Mini CV – 20070131

People tell me that I was one of the pioneers of British Internet but a lot of this happened in the 1980’s and I have mentally blocked it all out. I can, however, claim to be the first person in the country to offer free public Internet access which was in the 1990’s when hairstyles were less embarrassing. I worked for many years in Internet security, spent a few years tracking down hackers and created one of the UK’s first dot-coms years before anyone had heard of the Internet which was a bad move since we could never find anyone willing to pay us for anything. After finishing off the last crate of Champagne there, I joined the team who built BT’s first Internet service before eventually ending up as BT’s main customer security person which meant I told government, banks, supermarkets and other such wonderful organisations what to do only to have them completely ignore me; still, despite sacking me three times during my time there, they paid me bucket loads of cash so for a while it was ok by me.

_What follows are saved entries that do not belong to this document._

lemma ler_merge_edges_iff:
  "(u, v) \<in> edges (ler_merge F y z)
    \<longleftrightarrow> (\<exists>a b. (a, b) \<in> edges F \<and> u = redirect y z a \<and> v = redirect y z b)"
  unfolding ler_merge_edges[OF yz(1)] mem_map_prod_image ..

lemma ler_merge_elab_empty:
  assumes uv: "(u, v) \<in> edges F" "\<not> is_root v" "elab F u v = {}"
  shows "elab (ler_merge F y z) (redirect y z u) v = {}"
proof -
  have "v \<noteq> z"
    using uv(2) z(2) by auto
  show ?thesis
  proof (cases "u = y")
    case True
    then have "(z, v) \<notin> edges F"
      using invariant_parent[OF I uv(1) _ uv(2)] yz(1) by blast
    then show ?thesis
      using True uv \<open>v \<noteq> z\<close> by (simp add: ler_merge_elab redirect_def)
  next
    case False
    then have "(y, v) \<notin> edges F"
      using invariant_parent[OF I uv(1) _ uv(2)] by blast
    then show ?thesis
      using False uv \<open>v \<noteq> z\<close> by (simp add: ler_merge_elab redirect_def)
  qed
qed

lemma ler_merge_succ:
  assumes "succ_r Rh F a b R"
  shows "succ_r Rh (ler_merge F y z) (redirect y z a) (redirect y z b) R"
proof -
  have "(a, b) \<in> edges F"
    using assms unfolding succ_r_def by blast
  then have "(redirect y z a, redirect y z b) \<in> edges (ler_merge F y z)"
    unfolding ler_merge_edges_iff by blast
  then show ?thesis
    using assms ler_merge_elab_mono[OF yz(1) \<open>(a, b) \<in> edges F\<close>] unfolding succ_r_def by blast
qed

lemma ler_merge_nbr: "nbr Rh F a b R \<Longrightarrow> nbr Rh (ler_merge F y z) (redirect y z a) (redirect y z b) R"
  unfolding nbr_def using ler_merge_succ by blast

lemma ler_merge_removed_node: "removed_root (ler_merge F y z) y"
proof -
  have "(y, w) \<notin> edges (ler_merge F y z)" "(w, y) \<notin> edges (ler_merge F y z)" for w
    using redirect_not_y[OF yz(1)] unfolding ler_merge_edges_iff by metis+
  then show ?thesis
    using y(2) unfolding removed_root_def by (simp add: ler_merge_simps)
qed

lemma ler_merge_removed_root:
  assumes "removed_root F v"
  shows "removed_root (ler_merge F y z) v"
proof -
  have "v \<noteq> y" "v \<noteq> z"
    using assms y(1) z(1) not_removed_root_nbr by blast+
  then have "v = redirect y z a \<longleftrightarrow> a = v" for a
    unfolding redirect_def by auto
  then show ?thesis
    using assms \<open>v \<noteq> y\<close> \<open>v \<noteq> z\<close> unfolding removed_root_def ler_merge_edges_iff
    by (auto simp: ler_merge_simps)
qed
(* (1) There is a saturated structure $\mathfrak A_{\mathrm{sat}}$ of cardinality $2^\omega$ such that $\mathrm{Inv}(\mathrm{Pol}^\omega(\mathfrak A_{\mathrm{sat}}))\neq\langle\mathfrak A_{\mathrm{sat}}\rangle_{\mathrm{pp}}$. (2) There is a saturated structure $\mathfrak A_{\mathrm{sat}}$ of cardinality $2^\omega$ such that $\mathrm{Inv}(\mathrm{Pol}(\mathfrak A_{\mathrm{sat}}))\cap\langle\mathfrak A_{\mathrm{sat}}\rangle_{\mathrm{fo}}\neq\langle\mathfrak A_{\mathrm{sat}}\rangle_{\mathrm{pp}}$. (3) There is a structure $\mathfrak A$ such that $\mathrm{Inv}(\mathrm{Pol}^\omega(\mathfrak A))\cap\langle\mathfrak A\rangle_{\mathrm{fo}}\neq\langle\mathfrak A\rangle_{\mathrm{pp}}$.
   Context: Structures are over relational signatures (possibly with constants). $\langle\mathfrak A\rangle_{\mathrm{fo}}$, $\langle\mathfrak A\rangle_{\mathrm{pp}}$: relations on $A$ definable without parameters by first-order, resp. primitive positive formulas (built from atoms, equalities, $\bot$ using $\wedge,\exists$). $\mathrm{Pol}(\mathfrak A)$: homomorphisms $\mathfrak A^k\to\mathfrak A$ for finite $k$; $\mathrm{Pol}^\omega(\mathfrak A)$: homomorphisms $\mathfrak A^\kappa\to\mathfrak A$ for $\kappa\le\omega$ (direct powers). $\mathrm{Inv}(F)$: relations on $A$ preserved coordinatewise by all $f\in F$. An infinite structure $\mathfrak A$ is saturated if it is $|A|$-saturated: for every sequence of fewer than $|A|$ parameters, every set of first-order formulas in one free variable over them consistent with the theory of $\mathfrak A$ with these parameters named is realised in $A$. *)

theory Defs
  imports "HOL-Library.FuncSet"
begin
lemma cartesian_vertical_lift:
  assumes "pi_cartesian C f" "is_zmap C h" "ztgt h = B" "zlen (zsrc h) = n"
    and "\<forall>j<n. smap h j = face i j"
  shows "\<exists>!v. is_zmap C v \<and> zsrc v = zsrc h \<and> ztgt v = A \<and> vertical v \<and> zcomp C f v = h"
proof -
  have "is_zmap C h \<and> ztgt h = B \<and> monotone_map (zlen (zsrc h)) (zlen A) (\<lambda>j. j) \<and>
      (\<forall>j<zlen (zsrc h). smap f j = smap h j)"
    using assms(2-5) smap_face src_len by (simp add: monotone_map_def)
  note lift = assms(1)[unfolded pi_cartesian_def, rule_format, OF this]
  have vertical_iff: "vertical v \<longleftrightarrow> (\<forall>j<zlen (zsrc h). smap v j = j)"
    if "zsrc v = zsrc h" "ztgt v = A" for v
    using that assms(4) src_len by (simp add: vertical_def)
  have "(is_zmap C v \<and> zsrc v = zsrc h \<and> ztgt v = A \<and> vertical v \<and> zcomp C f v = h) \<longleftrightarrow>
      (is_zmap C v \<and> zsrc v = zsrc h \<and> ztgt v = A \<and> (\<forall>j<zlen (zsrc h). smap v j = j) \<and>
        zcomp C f v = h)" for v
    using vertical_iff by blast
  note eq = this
  show ?thesis
    unfolding eq by (rule lift)
qed

lemma canonical_cone: "is_cone (reg A i) (rsl f i) (rsl f (Suc i))"
  using rsl_hom[of i] rsl_hom[of "Suc i"] face_le cospan_square by (simp add: is_cone_def)

abbreviation "canonical_zigzag \<equiv> cone_zigzag (reg A i) (rsl f i) (rsl f (Suc i))"
abbreviation "canonical_map \<equiv> cone_map (reg A i) (rsl f i) (rsl f (Suc i))"

definition cone_factor :: "('o,'m) zmap" where
  "cone_factor = \<lparr>zsrc = A, ztgt = canonical_zigzag,
     smap = \<lambda>j. if j < n then j else 0,
     rsl = \<lambda>k. if k = i then cid C (reg A i) else if k \<le> n then rsl f (face i k) else undefined,
     ssl = \<lambda>j. if j < n then ssl f j else undefined\<rparr>"

lemma vertical_cone_factor: "vertical cone_factor"
  using src_len by (simp add: vertical_def cone_factor_def cone_zigzag_def)

lemma cone_factor_data: "zmap_data C cone_factor"
proof -
  have "hom C (rsl cone_factor k) (reg A k) (reg canonical_zigzag k)"
    if "k \<le> n" for k
  proof (cases "k = i")
    case True
    then show ?thesis
      using cid_hom zigzag_src face_le src_len
      by (simp add: cone_factor_def cone_zigzag_def zigzag_def)
  next
    case False
    have "face i k \<le> Suc n"
      using that by (simp add: face_def)
    then show ?thesis
      using rsl_hom[of "face i k"] False that by (simp add: cone_factor_def cone_zigzag_def)
  qed
  moreover have "hom C (ssl cone_factor j) (sing A j) (sing (ztgt cone_factor) j)" if "j < n" for j
    using ssl_hom that by (simp add: cone_factor_def)
  moreover have "zlen (zsrc cone_factor) = n"
    by (simp add: cone_factor_def src_len)
  ultimately show ?thesis
    using zigzag_src zigzag_cone[OF canonical_cone] face_le
    unfolding zmap_data_vertical_iff[OF vertical_cone_factor \<open>zlen (zsrc cone_factor) = n\<close>]
    by (simp add: cone_factor_def)
qed
text \<open>(q,p) is a solution of Hamilton's equations q' = dH/dp, p' = - dH/dq on the set I.\<close>
definition hamiltonian_solution ::
  "(real^3 \<Rightarrow> real^3 \<Rightarrow> real) \<Rightarrow> real set \<Rightarrow> (real \<Rightarrow> real^3) \<Rightarrow> (real \<Rightarrow> real^3) \<Rightarrow> bool" where
  "hamiltonian_solution H I q p \<longleftrightarrow>
     (\<forall>t\<in>I. \<exists>dq dp.
        (q has_vector_derivative dq) (at t) \<and>
        (p has_vector_derivative dp) (at t) \<and>
        ((\<lambda>v. H (q t) v) has_derivative (\<lambda>v. dq \<bullet> v)) (at (p t)) \<and>
        ((\<lambda>u. H u (p t)) has_derivative (\<lambda>u. - (dp \<bullet> u))) (at (q t)))"

text \<open>Solution of the Kepler-Heisenberg flow on an open interval I, avoiding the singularity x=y=z=0.\<close>
definition KH_solution :: "real set \<Rightarrow> (real \<Rightarrow> real^3) \<Rightarrow> (real \<Rightarrow> real^3) \<Rightarrow> bool" where
  "KH_solution I q p \<longleftrightarrow> open I \<and> is_interval I \<and> I \<noteq> {} \<and>
     (\<forall>t\<in>I. q t \<noteq> 0) \<and> hamiltonian_solution KH I q p"

definition inM :: "real^3 \<Rightarrow> real^3 \<Rightarrow> bool" where
  "inM q p \<longleftrightarrow> q$3 = 0 \<and> p$3 = 0 \<and> q$1 * p$2 - q$2 * p$1 = 0"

I formed a couple of companies of my own, was sued for all of the aforementioned bucket loads of cash by Harrods and British Airports because I owned harrods.com and baa.com and decided to retreat to the relative safety of teaching people at Middlesex University about security, risk, terrorism and the best ways to steal things from people like my previous clients and to stop people like me stealing things from them. As the result of an investigation into false-qualifications I have tonnes of degrees, phd’s and a couple of MBA’s. On paper, I am overqualified for nearly every job in the world. My CV would also be a lot more impressive if I was allowed to list the jobs I have been offered but turned down for various (usually ethical) reasons. I eventually retired from the rat-race to start to write more and I am currently at the “I have a title. What more do you want?” stage of 4 books. Technically this is something of a lie since I only have a title for 2 of them. I am at my best writing 55 word fiction stories which suit my pathetic attention span wonderfully.

I once accidentally spent a year as a text message girl of the sort you see advertised in the back of Men’s Magazines of questionable morality; mostly because the job ended up more interesting than writing the expose article into the business which was the original plan. Somewhere along the line, I have been a hacker catcher, a motivational trainer, a pornography site manager, a shonky lawyer and an executive member of The Professional Bodyguard Association; I built lots of the now broken bits of the Channel Tunnel, was systems manager for most of Portugal and as a photographer I made enough money to keep me in Tesco Value Beans for life. I can lay claim to inventing both the end-game in online games and the downloadable ringtone (for which I should probably be shot). I own and look after Britain’s longest serving lifeboat, I want to breed camels in Canada and I run one of the biggest Freecycle groups in the country. None of these items are related nor particularly relevant. I find it somewhat odd that I have never been called for interview for any job that I have ever had to submit a CV for. If anyone had ever told me that honesty was the best policy I may present this as empirical evidence against that statement.